Data for this exercise START

(* Let $k\ge2$ and let $h$ be a positive integer. For $m\ge1$ put $g(m,h)=\sum_{d\mid m} c_d(h)/d$, and let $D_h(s)=\sum_{m\ge1} d_{k-1}(m)g(m,h)m^{-s}$. Then $D_h(s)$ converges absolutely for $\operatorname{Re}s>1$, and $\zeta(s)^{-(k-1)}D_h(s)$ extends to a holomorphic function on $\operatorname{Re}s>\frac12$ which is non-zero at $s=1$. Consequently $D_h(s)$ extends meromorphically to $\operatorname{Re}s>\frac12$, with its only pole at $s=1$, of order exactly $k-1$.
   Context: $c_d(h)=\sum_{a \bmod d,\ \gcd(a,d)=1} e(ah/d)$ is the Ramanujan sum, with $e(t)=e^{2\pi i t}$; $d_{k-1}(m)$ is the number of ordered $(k-1)$-tuples of positive integers with product $m$; $\zeta$ is the Riemann zeta function. *)

theory Defs
  imports "HOL-Complex_Analysis.Complex_Analysis"
begin

definition e_fun :: "real \<Rightarrow> complex" where
  "e_fun t = exp (2 * of_real pi * \<i> * of_real t)"

definition ramanujan_sum :: "nat \<Rightarrow> int \<Rightarrow> complex" where
  "ramanujan_sum d h = (\<Sum>a\<in>{a. a < d \<and> coprime a d}. e_fun (real a * real_of_int h / real d))"

definition divisor_fun :: "nat \<Rightarrow> nat \<Rightarrow> nat" where
  "divisor_fun j m = card {xs :: nat list. length xs = j \<and> (\<forall>x\<in>set xs. 0 < x) \<and> prod_list xs = m}"

definition g_fun :: "nat \<Rightarrow> int \<Rightarrow> complex" where
  "g_fun m h = (\<Sum>d\<in>{d. d dvd m}. ramanujan_sum d h / of_nat d)"

text \<open>The m-th coefficient term of D_h(s) (the m = 0 term vanishes since d_{k-1}(0) = 0).\<close>
definition D_term :: "nat \<Rightarrow> int \<Rightarrow> complex \<Rightarrow> nat \<Rightarrow> complex" where
  "D_term k h s m = of_nat (divisor_fun (k - 1) m) * g_fun m h / (of_nat m powr s)"

definition D_series :: "nat \<Rightarrow> int \<Rightarrow> complex \<Rightarrow> complex" where
  "D_series k h s = (\<Sum>m. D_term k h s m)"

text \<open>Riemann zeta as its Dirichlet series; only used for Re s > 1.\<close>
definition zeta_dirichlet :: "complex \<Rightarrow> complex" where
  "zeta_dirichlet s = (\<Sum>n. if n = 0 then 0 else 1 / (of_nat n powr s))"

end

theory Submission
  imports Defs "HOL-Number_Theory.Totient"
begin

Data for this exercise END

What to produce: Go line by line through the data above and report each one that holds the string "imports".

Problem solution:
  imports "HOL-Complex_Analysis.Complex_Analysis"
  imports Defs "HOL-Number_Theory.Totient"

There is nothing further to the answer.